The United States has the world’s most developed private commercial space industry and the world’s largest government space budget. NASA is spending $2.5 billion on Curiosity, the Mars rover, which is climbing up the side of a mountain on Mars in the middle of an enormous asteroid crater in hopes of collecting information about how Mars was formed. Last week the agency had another major success: a test run of Orion, a rocket that NASA hopes will one day take astronauts into deep space.

But the U.S. isn’t the only one with bold missions. The European Space Agency spent over a billion dollars to land a spacecraft, Philae, on a speeding comet after traveling 4 billion miles over the last decade. Its aim is to collect information about the earliest days of the solar system. Even though NASA contributed some instruments for the mission, the director of the European Space Agency, Jean-Jacques Dordain, was clear: Score one for Europe. “We have the best expertise in the world, because we are the first to have done that, and that will stay forever,” he said.

These days, space events are a social media bonanza, with millions of people around the world watching on live streaming video and tweeting up-to-the-minute details about missions — not so far off from the beginning of the first space race in 1957, when the world watched as the Soviet Union launched Sputnik into orbit and started the space race.

But there’s a big difference now. The race to space in the ’60s was fraught with political tensions and a massive competition over the might and technological prowess of superpowers. Not so anymore.

“Back in the early days of what we think of as the space race, you had the U.S. and the Soviet Union, and they were trying to accomplish specific milestones — who could put a man in space, who could land someone on the moon,” said Micah Walter-Range, director of research for the Space Foundation. “But now the competition is really more on an economic level — who can get the largest share of the global launch market, who can provide more satellite services across the globe to customers everywhere.”

People in the space industry call this “coopetition”— part cooperation, part competition.

“People are looking for ways to work together. Even when you have a mission that is being sent to another planet and maybe it’s technically a NASA mission, they’re still going to be working with universities around the world. They might supply the instruments aboard that spacecraft, and agencies around the world as well,” he said.

“If you look at the International Space Station, this is an example of multiple countries coming together from across the globe to work on a collaborative project,” said Alex MacDonald, a space economist at NASA. “It’s the most complex engineering feat ever attained, requiring the labor and efforts of multiple nations.”

“A country like China is very strategic about how it uses its space program. And in their case, it’s not so much about exploration as it is about providing services”

Micah Walter-Range

Research Director, Space Foundation

But space isn’t immune to politics. As a result of tensions over Ukraine, the United States announced it was suspending all joint rocket and space programs with Russia except for the International Space Station.
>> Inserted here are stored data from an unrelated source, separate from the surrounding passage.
(* Let $A,B\in\mathbb{C}^{m\times n}$. The following are equivalent: (a) $A\ *\!\!\le B$; (b) $A\le^{\diamond}B$ and $A^*A=A^*B$; (c) $A\le^{\diamond}B$ and $A^\dagger A=A^\dagger B$; (d) $A\le^{\diamond}B$ and $A^*B$ is Hermitian.
   Context: $M^*$ is the conjugate transpose, $M^\dagger$ the Moore–Penrose inverse, $\mathcal{R}(M)$ the column space. Left star order: $A\ *\!\!\le B$ iff $A^*A=A^*B$ and $\mathcal{R}(A)\subseteq\mathcal{R}(B)$. Diamond order: $A\le^{\diamond}B$ iff $\mathcal{R}(A)\subseteq\mathcal{R}(B)$, $\mathcal{R}(A^* )\subseteq\mathcal{R}(B^* )$, and $AB^*A=AA^*A$. *)

theory Defs
  imports "HOL-Analysis.Analysis"
begin

text \<open>Complex m x n matrices are modelled as complex^'n^'m (rows indexed by 'm).\<close>

definition ctrans :: "complex^'n^'m \<Rightarrow> complex^'m^'n" where
  "ctrans A = (\<chi> i j. cnj (A $ j $ i))"

definition colspace :: "complex^'n^'m \<Rightarrow> (complex^'m) set" where
  "colspace A = range (\<lambda>x. A *v x)"

definition is_mp_inverse :: "complex^'n^'m \<Rightarrow> complex^'m^'n \<Rightarrow> bool" where
  "is_mp_inverse A X \<longleftrightarrow>
     A ** X ** A = A \<and> X ** A ** X = X \<and>
     ctrans (A ** X) = A ** X \<and> ctrans (X ** A) = X ** A"

definition mp_inverse :: "complex^'n^'m \<Rightarrow> complex^'m^'n" where
  "mp_inverse A = (THE X. is_mp_inverse A X)"

definition left_star_le :: "complex^'n^'m \<Rightarrow> complex^'n^'m \<Rightarrow> bool" where
  "left_star_le A B \<longleftrightarrow> ctrans A ** A = ctrans A ** B \<and> colspace A \<subseteq> colspace B"

definition diamond_le :: "complex^'n^'m \<Rightarrow> complex^'n^'m \<Rightarrow> bool" where
  "diamond_le A B \<longleftrightarrow> colspace A \<subseteq> colspace B \<and> colspace (ctrans A) \<subseteq> colspace (ctrans B)
     \<and> A ** ctrans B ** A = A ** ctrans A ** A"

end

theory Submission
  imports Defs
begin

text \<open>
  Every \<open>A\<close> has a least-squares inverse \<open>U\<close> (\<open>AUA = A\<close>, \<open>AU\<close> Hermitian), obtained
  from \<open>\<R>(A\<^sup>*) \<subseteq> \<R>(A\<^sup>*A)\<close>; combining one for \<open>A\<close> with one for \<open>A\<^sup>*\<close> yields the
  Moore--Penrose inverse \<open>X\<close>. Since \<open>X = X X\<^sup>* A\<^sup>*\<close> and \<open>A\<^sup>* = A\<^sup>* A X\<close>, left
  multiplication by \<open>X\<close> and by \<open>A\<^sup>*\<close> identify the same matrices, which gives (a)\<open>\<Leftrightarrow>\<close>(c)
  once (a)\<open>\<Leftrightarrow>\<close>(b) is known. For the latter, \<open>A\<^sup>*A = A\<^sup>*B\<close> alone already implies the
  diamond order: \<open>A\<^sup>* = A\<^sup>*AU = B\<^sup>*AU\<close> and \<open>AB\<^sup>*A = AA\<^sup>*A\<close>. Conversely, if \<open>A\<^sup>*B\<close> is
  Hermitian the diamond condition reads \<open>AA\<^sup>*B = AA\<^sup>*A\<close>, and \<open>AA\<^sup>*\<close> cancels on the left
  down to \<open>A\<^sup>*\<close> because \<open>Z\<^sup>*Z = 0\<close> forces \<open>Z = 0\<close>.
\<close>

lemma ctrans_ctrans [simp]: "ctrans (ctrans A) = A"
  by (simp add: ctrans_def vec_eq_iff)

lemma ctrans_matrix_mul: "ctrans (A ** B) = ctrans B ** ctrans A"
  by (simp add: ctrans_def vec_eq_iff matrix_matrix_mult_def mult.commute)

lemma matrix_mul_diff_ldistrib: "(A::'a::ring_1^'n^'m) ** (B - C) = A ** B - A ** C"
  by (simp add: matrix_matrix_mult_def vec_eq_iff algebra_simps sum_subtractf)

lemma inner_complex_eq_Re_cnj_mult: "inner (a::complex) b = Re (cnj a * b)"
  by (simp add: inner_complex_def)

lemma inner_matrix_vector_ctrans: "inner (A *v x) y = inner x (ctrans A *v y)"
proof -
  have "inner (A *v x) y = (\<Sum>i\<in>UNIV. Re (cnj (\<Sum>j\<in>UNIV. A$i$j * x$j) * y$i))"
    by (simp add: inner_vec_def matrix_vector_mult_def inner_complex_eq_Re_cnj_mult)
  also have "\<dots> = (\<Sum>i\<in>UNIV. \<Sum>j\<in>UNIV. Re (cnj (A$i$j) * cnj (x$j) * y$i))"
    by (simp add: sum_distrib_right Re_sum)
  also have "\<dots> = (\<Sum>j\<in>UNIV. \<Sum>i\<in>UNIV. Re (cnj (A$i$j) * cnj (x$j) * y$i))"
    by (rule sum.swap)
  also have "\<dots> = inner x (ctrans A *v y)"
    by (simp add: inner_vec_def matrix_vector_mult_def inner_complex_eq_Re_cnj_mult ctrans_def
         sum_distrib_left Re_sum mult_ac)
  finally show ?thesis .
qed

lemma inner_gram: "inner x ((ctrans A ** A) *v x) = inner (A *v x) (A *v x)"
  by (simp add: inner_matrix_vector_ctrans matrix_vector_mul_assoc[symmetric])

lemma ctrans_mult_self_eq_0_iff: "ctrans A ** A = 0 \<longleftrightarrow> A = 0"
proof
  assume "ctrans A ** A = 0"
  then have "A *v x = 0" for x
    using inner_gram[of x A] by simp
  then show "A = 0"
    by (simp add: matrix_eq)
qed simp

lemma mult_ctrans_left_cancel:
  assumes "A ** ctrans A ** M = A ** ctrans A ** N"
  shows "ctrans A ** M = ctrans A ** N"
proof -
  define Z where "Z = ctrans A ** (M - N)"
  have "ctrans Z ** Z = ctrans (M - N) ** (A ** ctrans A ** (M - N))"
    unfolding Z_def by (simp add: ctrans_matrix_mul matrix_mul_assoc)
  also have "\<dots> = 0"
    using assms by (simp add: matrix_mul_diff_ldistrib)
  finally have "Z = 0"
    by (simp only: ctrans_mult_self_eq_0_iff)
  then show ?thesis
    unfolding Z_def by (simp add: matrix_mul_diff_ldistrib)
qed

lemma subspace_colspace: "subspace (colspace M)"
  unfolding colspace_def by (rule linear_subspace_image[OF matrix_vector_mul_linear subspace_UNIV])

lemma colspace_matrix_mul_subset: "colspace (M ** N) \<subseteq> colspace M"
  unfolding colspace_def by (auto simp: matrix_vector_mul_assoc[symmetric])

text \<open>
  Split \<open>y \<in> \<R>(A\<^sup>*)\<close> orthogonally along \<open>\<R>(A\<^sup>*A)\<close>: the orthogonal part \<open>w\<close> satisfies
  \<open>\<langle>w, A\<^sup>*Aw\<rangle> = 0\<close>, so \<open>Aw = 0\<close>, while \<open>w\<close> still lies in \<open>\<R>(A\<^sup>*) \<bottom> ker A\<close>; hence \<open>w = 0\<close>.
\<close>
lemma colspace_ctrans_subset_colspace_gram: "colspace (ctrans A) \<subseteq> colspace (ctrans A ** A)"
proof
  fix y assume "y \<in> colspace (ctrans A)"
  then obtain z where y: "y = ctrans A *v z"
    by (auto simp: colspace_def)
  let ?S = "colspace (ctrans A ** A)"
  have span_S: "span ?S = ?S"
    using subspace_colspace span_eq_iff by blast
  obtain s w where "s \<in> span ?S" and w: "\<And>u. u \<in> span ?S \<Longrightarrow> orthogonal w u" and ysw: "y = s + w"
    using orthogonal_subspace_decomp_exists by metis
  then obtain t where s: "s = (ctrans A ** A) *v t"
    unfolding span_S by (auto simp: colspace_def)
  have "inner w ((ctrans A ** A) *v w) = 0"
    using w[of "(ctrans A ** A) *v w"] unfolding span_S by (simp add: orthogonal_def colspace_def)
  then have "A *v w = 0"
    by (simp add: inner_gram)
  moreover have "w = ctrans A *v (z - A *v t)"
    using ysw y s by (simp add: matrix_vector_mult_diff_distrib matrix_vector_mul_assoc)
  ultimately have "inner w w = 0"
    by (metis inner_matrix_vector_ctrans ctrans_ctrans inner_zero_right)
  then have "y = (ctrans A ** A) *v t"
    using ysw s by simp
  then show "y \<in> ?S"
    unfolding colspace_def by (rule image_eqI) simp
qed

lemma colspace_subset_iff_factor:
  "colspace (N::complex^'p^'m) \<subseteq> colspace (M::complex^'n^'m) \<longleftrightarrow> (\<exists>U. N = M ** U)"
proof
  assume "colspace N \<subseteq> colspace M"
  then have "\<forall>j. \<exists>x. N *v axis j 1 = M *v x"
    by (auto simp: colspace_def)
  then obtain f where f: "\<And>j. N *v axis j 1 = M *v f j"
    by metis
  have "N = M ** (\<chi> i j. f j $ i)"
  proof (clarsimp simp: vec_eq_iff)
    fix i j
    have "N $ i $ j = (N *v axis j 1) $ i"
      by (simp add: matrix_vector_mult_def axis_def if_distrib cong: if_cong)
    also have "\<dots> = (M *v f j) $ i"
      by (simp only: f)
    finally show "N $ i $ j = (M ** (\<chi> i j. f j $ i)) $ i $ j"
      by (simp add: matrix_vector_mult_def matrix_matrix_mult_def)
  qed
  then show "\<exists>U. N = M ** U" ..
qed (use colspace_matrix_mul_subset in blast)

lemma least_squares_inverse_exists:
  fixes A :: "complex^'n^'m"
  obtains U where "A ** U ** A = A" and "ctrans (A ** U) = A ** U"
proof -
  obtain U where U: "ctrans A = ctrans A ** A ** U"
    using colspace_ctrans_subset_colspace_gram colspace_subset_iff_factor by blast
  have "ctrans (A ** U) = ctrans U ** ctrans A"
    by (rule ctrans_matrix_mul)
  also have "\<dots> = ctrans U ** (ctrans A ** A ** U)"
    using U by (rule arg_cong)
  also have "\<dots> = ctrans (A ** U) ** (A ** U)"
    by (simp add: ctrans_matrix_mul matrix_mul_assoc)
  finally have gram: "ctrans (A ** U) = ctrans (A ** U) ** (A ** U)" .
  have "A ** U = ctrans (ctrans (A ** U) ** (A ** U))"
    by (simp flip: gram)
  also have "\<dots> = ctrans (A ** U) ** (A ** U)"
    by (simp add: ctrans_matrix_mul)
  finally have herm: "ctrans (A ** U) = A ** U"
    using gram by metis
  have "A = ctrans (ctrans A ** A ** U)"
    using arg_cong[OF U, of ctrans] by (simp only: ctrans_ctrans)
  also have "\<dots> = ctrans (A ** U) ** A"
    by (simp add: ctrans_matrix_mul matrix_mul_assoc)
  also have "\<dots> = A ** U ** A"
    using herm by simp
  finally show ?thesis
    using that herm by metis
qed

text \<open>
  Urquhart's formula: with \<open>U\<close> a least-squares inverse of \<open>A\<close> and \<open>Y = V\<^sup>*\<close> for a
  least-squares inverse \<open>V\<close> of \<open>A\<^sup>*\<close> (so \<open>AYA = A\<close> and \<open>YA\<close> is Hermitian),
  \<open>YAU\<close> satisfies all four Penrose equations.
\<close>
lemma is_mp_inverse_exists: "\<exists>X. is_mp_inverse (A::complex^'n^'m) X"
proof -
  obtain U where U1: "A ** U ** A = A" and U3: "ctrans (A ** U) = A ** U"
    using least_squares_inverse_exists .
  obtain V where V1: "ctrans A ** V ** ctrans A = ctrans A" and V3: "ctrans (ctrans A ** V) = ctrans A ** V"
    using least_squares_inverse_exists .
  define Y where "Y = ctrans V"
  have Y1: "A ** Y ** A = A"
    using arg_cong[OF V1, of ctrans] by (simp add: Y_def ctrans_matrix_mul matrix_mul_assoc)
  have Y4: "ctrans (Y ** A) = Y ** A"
    using V3 by (simp add: Y_def ctrans_matrix_mul)
  have AX: "A ** (Y ** A ** U) = A ** U"
    using Y1 by (simp add: matrix_mul_assoc)
  have XA: "Y ** A ** U ** A = Y ** A"
    using U1 by (simp add: matrix_mul_assoc[symmetric])
  have "is_mp_inverse A (Y ** A ** U)"
    unfolding is_mp_inverse_def
  proof (intro conjI)
    show "A ** (Y ** A ** U) ** A = A"
      using AX U1 by simp
    have "Y ** A ** U ** A ** (Y ** A ** U) = Y ** (A ** Y ** A) ** U"
      using XA by (simp add: matrix_mul_assoc)
    then show "Y ** A ** U ** A ** (Y ** A ** U) = Y ** A ** U"
      using Y1 by simp
    show "ctrans (A ** (Y ** A ** U)) = A ** (Y ** A ** U)"
      using AX U3 by simp
    show "ctrans (Y ** A ** U ** A) = Y ** A ** U ** A"
      using XA Y4 by simp
  qed
  then show ?thesis ..
qed

lemma is_mp_inverse_unique:
  assumes "is_mp_inverse A X" and "is_mp_inverse A Y"
  shows "X = Y"
proof -
  from assms have x1: "A ** X ** A = A" and x2: "X ** A ** X = X"
    and x3: "ctrans (A ** X) = A ** X" and x4: "ctrans (X ** A) = X ** A"
    and y1: "A ** Y ** A = A" and y2: "Y ** A ** Y = Y"
    and y3: "ctrans (A ** Y) = A ** Y" and y4: "ctrans (Y ** A) = Y ** A"
    unfolding is_mp_inverse_def by auto
  have "X = X ** ctrans (A ** X)"
    using x2 x3 by (simp add: matrix_mul_assoc)
  also have "\<dots> = X ** ctrans (A ** Y ** A ** X)"
    using y1 by simp
  also have "\<dots> = X ** ctrans (A ** X) ** ctrans (A ** Y)"
    by (simp add: ctrans_matrix_mul matrix_mul_assoc)
  also have "\<dots> = X ** A ** Y"
    using x2 x3 y3 by (simp add: matrix_mul_assoc)
  also have "\<dots> = ctrans (X ** A) ** ctrans (Y ** A) ** Y"
    using x4 y2 y4 by (simp add: matrix_mul_assoc[symmetric])
  also have "\<dots> = ctrans (Y ** A ** X ** A) ** Y"
    by (simp add: ctrans_matrix_mul matrix_mul_assoc)
  also have "\<dots> = Y"
    using x1 y2 y4 by (simp add: matrix_mul_assoc[symmetric])
  finally show ?thesis .
qed

lemma is_mp_inverse_mp_inverse: "is_mp_inverse A (mp_inverse A)"
  unfolding mp_inverse_def
  by (rule theI') (use is_mp_inverse_exists is_mp_inverse_unique in blast)

lemma is_mp_inverse_left_cancel:
  assumes "is_mp_inverse A X"
  shows "X ** M = X ** N \<longleftrightarrow> ctrans A ** M = ctrans A ** N"
proof -
  from assms have x1: "A ** X ** A = A" and x2: "X ** A ** X = X"
    and x3: "ctrans (A ** X) = A ** X"
    unfolding is_mp_inverse_def by auto
  have X: "X = X ** ctrans X ** ctrans A"
    using x2 x3 by (metis ctrans_matrix_mul matrix_mul_assoc)
  have A: "ctrans A = ctrans A ** A ** X"
    using x1 x3 by (metis ctrans_matrix_mul matrix_mul_assoc)
  show ?thesis
  proof
    assume "X ** M = X ** N"
    then have "ctrans A ** A ** (X ** M) = ctrans A ** A ** (X ** N)"
      by simp
    then show "ctrans A ** M = ctrans A ** N"
      using A by (metis matrix_mul_assoc)
  next
    assume "ctrans A ** M = ctrans A ** N"
    then have "X ** ctrans X ** (ctrans A ** M) = X ** ctrans X ** (ctrans A ** N)"
      by simp
    then show "X ** M = X ** N"
      using X by (metis matrix_mul_assoc)
  qed
qed

lemma left_star_le_imp_diamond_le:
  assumes "left_star_le A B"
  shows "diamond_le A B"
proof -
  from assms have gram: "ctrans A ** A = ctrans A ** B" and col: "colspace A \<subseteq> colspace B"
    unfolding left_star_le_def by auto
  have BA: "ctrans B ** A = ctrans A ** A"
    using arg_cong[OF gram, of ctrans] by (simp add: ctrans_matrix_mul)
  obtain U where "ctrans A = ctrans A ** A ** U"
    using colspace_ctrans_subset_colspace_gram colspace_subset_iff_factor by blast
  then have "ctrans A = ctrans B ** (A ** U)"
    using BA by (simp add: matrix_mul_assoc)
  then have "colspace (ctrans A) \<subseteq> colspace (ctrans B)"
    using colspace_subset_iff_factor by blast
  moreover have "A ** ctrans B ** A = A ** ctrans A ** A"
    using BA by (simp flip: matrix_mul_assoc)
  ultimately show ?thesis
    using col unfolding diamond_le_def by blast
qed

lemma diamond_le_hermitian_imp_gram_eq:
  assumes "diamond_le A B" and "ctrans (ctrans A ** B) = ctrans A ** B"
  shows "ctrans A ** A = ctrans A ** B"
proof -
  have "A ** ctrans A ** B = A ** (ctrans B ** A)"
    using assms(2) by (simp add: ctrans_matrix_mul matrix_mul_assoc)
  also have "\<dots> = A ** ctrans A ** A"
    using assms(1) by (simp add: diamond_le_def matrix_mul_assoc)
  finally show ?thesis
    by (rule mult_ctrans_left_cancel[THEN sym])
qed

theorem theorem4p2:
  fixes A B :: "complex^'n^'m"
  shows "(left_star_le A B \<longleftrightarrow> (diamond_le A B \<and> ctrans A ** A = ctrans A ** B))
       \<and> (left_star_le A B \<longleftrightarrow> (diamond_le A B \<and> mp_inverse A ** A = mp_inverse A ** B))
       \<and> (left_star_le A B \<longleftrightarrow> (diamond_le A B \<and> ctrans (ctrans A ** B) = ctrans A ** B))"
proof -
  have b: "left_star_le A B \<longleftrightarrow> (diamond_le A B \<and> ctrans A ** A = ctrans A ** B)"
    using left_star_le_imp_diamond_le unfolding left_star_le_def diamond_le_def by blast
  have "ctrans A ** A = ctrans A ** B \<longleftrightarrow> mp_inverse A ** A = mp_inverse A ** B"
    using is_mp_inverse_left_cancel[OF is_mp_inverse_mp_inverse] by blast
  moreover have "ctrans A ** A = ctrans A ** B \<Longrightarrow> ctrans (ctrans A ** B) = ctrans A ** B"
    by (metis ctrans_ctrans ctrans_matrix_mul)
  ultimately show ?thesis
    using b diamond_le_hermitian_imp_gram_eq by blast
qed

end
NASA still relies on Russia to send American astronauts to the station on Soyuz spacecraft, paying about $70 million per seat.

China is working on building its own space station and has its sights set on landing on the moon to collect lunar samples. But China uses its space program as no other country in the world does: for soft power.
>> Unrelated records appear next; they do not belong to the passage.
(* Let $\mu,\nu\in\mathbb{C}$. (1) $\mathcal{D}_{\mu,\nu}=\mathcal{D}_{\nu,\mu}$. (2) For every $\lambda\in\mathbb{C}$, the differential equation $\mathcal{D}_{\mu,\nu}u=\lambda u$ has a regular singularity at $x=0$, with characteristic exponents $0,-\mu,-\nu,-\mu-\nu$. (3) If $\mu,\nu$ are real with $\mu,\nu\geq -1$, then $\mathcal{D}_{\mu,\nu}$ (on $C_c^\infty(\mathbb{R}_+)$) is a symmetric operator on $L^2(\mathbb{R}_+,x^{\mu+\nu+1}\,dx)$. (5) $\mathcal{D}_{\mu,\pm1}=\mathcal{S}_{\mu,\pm1}^2-C_{\mu,\pm1}$, where $\mathcal{S}_{\mu,-1}=\frac1x\big(\theta(\theta+\mu)-x^2\big)$, $C_{\mu,-1}=\frac{(\mu+1)^2}{2}$, and $\mathcal{S}_{\mu,+1}=\frac1x\big(\theta(\theta+\mu+2)+\mu+1-x^2\big)$, $C_{\mu,+1}=\frac{(\mu+1)^2}{2}+2$.
   Context: Let $\theta=x\frac{d}{dx}$ be the Euler operator on functions on $\mathbb{R}_+=(0,\infty)$; products of operators denote composition, and $\frac1x$, $x^2$ denote multiplication operators. For $\mu,\nu\in\mathbb{C}$ define the fourth order differential operator $$\mathcal{D}_{\mu,\nu}=\frac{1}{x^2}\big((\theta+\nu)(\theta+\mu+\nu)-x^2\big)\big(\theta(\theta+\mu)-x^2\big)-\frac{(\mu-\nu)(\mu+\nu+2)}{2}.$$ *)

theory Defs
  imports "HOL-Analysis.Analysis"
begin

text \<open>Functions on R_+ are modelled as complex-valued functions on the reals;
only their values at points x > 0 matter.\<close>

type_synonym cfun = "real \<Rightarrow> complex"

definition theta :: "cfun \<Rightarrow> cfun" where
  "theta f = (\<lambda>x. complex_of_real x * vector_derivative f (at x))"

definition theta_plus :: "complex \<Rightarrow> cfun \<Rightarrow> cfun" where
  "theta_plus c f = (\<lambda>x. theta f x + c * f x)"

definition inner_op :: "complex \<Rightarrow> cfun \<Rightarrow> cfun" where
  "inner_op \<mu> f = (\<lambda>x. theta (theta_plus \<mu> f) x - (complex_of_real x)^2 * f x)"

definition outer_op :: "complex \<Rightarrow> complex \<Rightarrow> cfun \<Rightarrow> cfun" where
  "outer_op \<mu> \<nu> f = (\<lambda>x. theta_plus \<nu> (theta_plus (\<mu> + \<nu>) f) x - (complex_of_real x)^2 * f x)"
“A country like China is very strategic about how it uses its space program. And in their case, it’s not so much about exploration as it is about providing services,” said Walter-Range. “And so the Chinese have worked very closely with Nigeria, with Venezuela and with other countries that have a lot of natural resources that can then be used in the Chinese economy. So they use their space program and providing satellites and providing training for the people in those countries on how to use the satellites. That’s one of their ways of gaining some diplomatic power and forging new relationships that can then be used in other areas outside the space industry to fuel the Chinese economy.”

India launched a Mars orbiter in 2013 on its first try and on a shoestring budget of $75 million, a fraction of NASA’s Mars orbiter mission, which cost $671 million. But Walter-Range said there aren’t many similarities between the missions.

”Really, they’re similar in time frame, not necessarily capabilities,” he said. “Just to give you an example, the entire instrument payload aboard the Indian spacecraft weighed about the same as one of the instruments aboard NASA’s spacecraft, and I think that was one out of eight.”